■ **Instructions for the task**: Go to the line that includes "text \<open>The Koszul" and retype it, then every line after it to the end of the data, adding nothing.

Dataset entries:

☆ ☆ ☆

(* Let $x$ be an element of a commutative ring $R$, $U$ a variable, $M$ an $R$-module and $\hat{M}^{xR}=\varprojlim_n M/x^nM$ its $xR$-adic completion. Then: (a) $H_0(x-U;M[[U]])\cong M[[U]]/(x-U)M[[U]]$, and the map $\sum_{i\ge0}m_iU^i\mapsto\big(\sum_{i<n}x^im_i+x^nM\big)_{n}$ induces an epimorphism $M[[U]]/(x-U)M[[U]]\twoheadrightarrow\hat{M}^{xR}$. (b) $H_1(x-U;M[[U]])\cong\ker\big(\operatorname{Hom}_R(R_x,M)\to M\big)$, where the map sends $\varphi$ to $\varphi(1)$. (c) If $M$ is of bounded $xR$-torsion, then $H_1(x-U;M[[U]])=0$ and $H_0(x-U;M[[U]])\cong\hat{M}^{xR}$ (via the map in (a)).
   Context: $M[[U]]$ is the module of formal power series over $M$, an $R[U]$-module; $H_i(x-U;M[[U]])$ denotes the homology of the Koszul complex $0\to M[[U]]\xrightarrow{x-U}M[[U]]\to0$ (homological degrees $1,0$). $M$ is of bounded $xR$-torsion if there is $k$ with $0:_Mx^k=0:_Mx^{k+j}$ for all $j\ge0$. *)

theory Defs
  imports Main "HOL.Modules"
begin

text \<open>Formal power series M[[U]] are functions nat => 'm
(coefficient sequences).\<close>

text \<open>The Koszul differential: multiplication by x - U on M[[U]].\<close>
definition koszul_d :: "('r::comm_ring_1 \<Rightarrow> 'm::ab_group_add \<Rightarrow> 'm) \<Rightarrow> 'r \<Rightarrow> (nat \<Rightarrow> 'm) \<Rightarrow> (nat \<Rightarrow> 'm)" where
  "koszul_d sc x g = (\<lambda>i. sc x (g i) - (if i = 0 then 0 else g (i - 1)))"

definition H1 :: "('r::comm_ring_1 \<Rightarrow> 'm::ab_group_add \<Rightarrow> 'm) \<Rightarrow> 'r \<Rightarrow> (nat \<Rightarrow> 'm) set" where
  "H1 sc x = {f. koszul_d sc x f = (\<lambda>_. 0)}"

☆ ☆ ☆

■ **Your solution**:
text \<open>The Koszul differential: multiplication by x - U on M[[U]].\<close>
definition koszul_d :: "('r::comm_ring_1 \<Rightarrow> 'm::ab_group_add \<Rightarrow> 'm) \<Rightarrow> 'r \<Rightarrow> (nat \<Rightarrow> 'm) \<Rightarrow> (nat \<Rightarrow> 'm)" where
  "koszul_d sc x g = (\<lambda>i. sc x (g i) - (if i = 0 then 0 else g (i - 1)))"

definition H1 :: "('r::comm_ring_1 \<Rightarrow> 'm::ab_group_add \<Rightarrow> 'm) \<Rightarrow> 'r \<Rightarrow> (nat \<Rightarrow> 'm) set" where
  "H1 sc x = {f. koszul_d sc x f = (\<lambda>_. 0)}"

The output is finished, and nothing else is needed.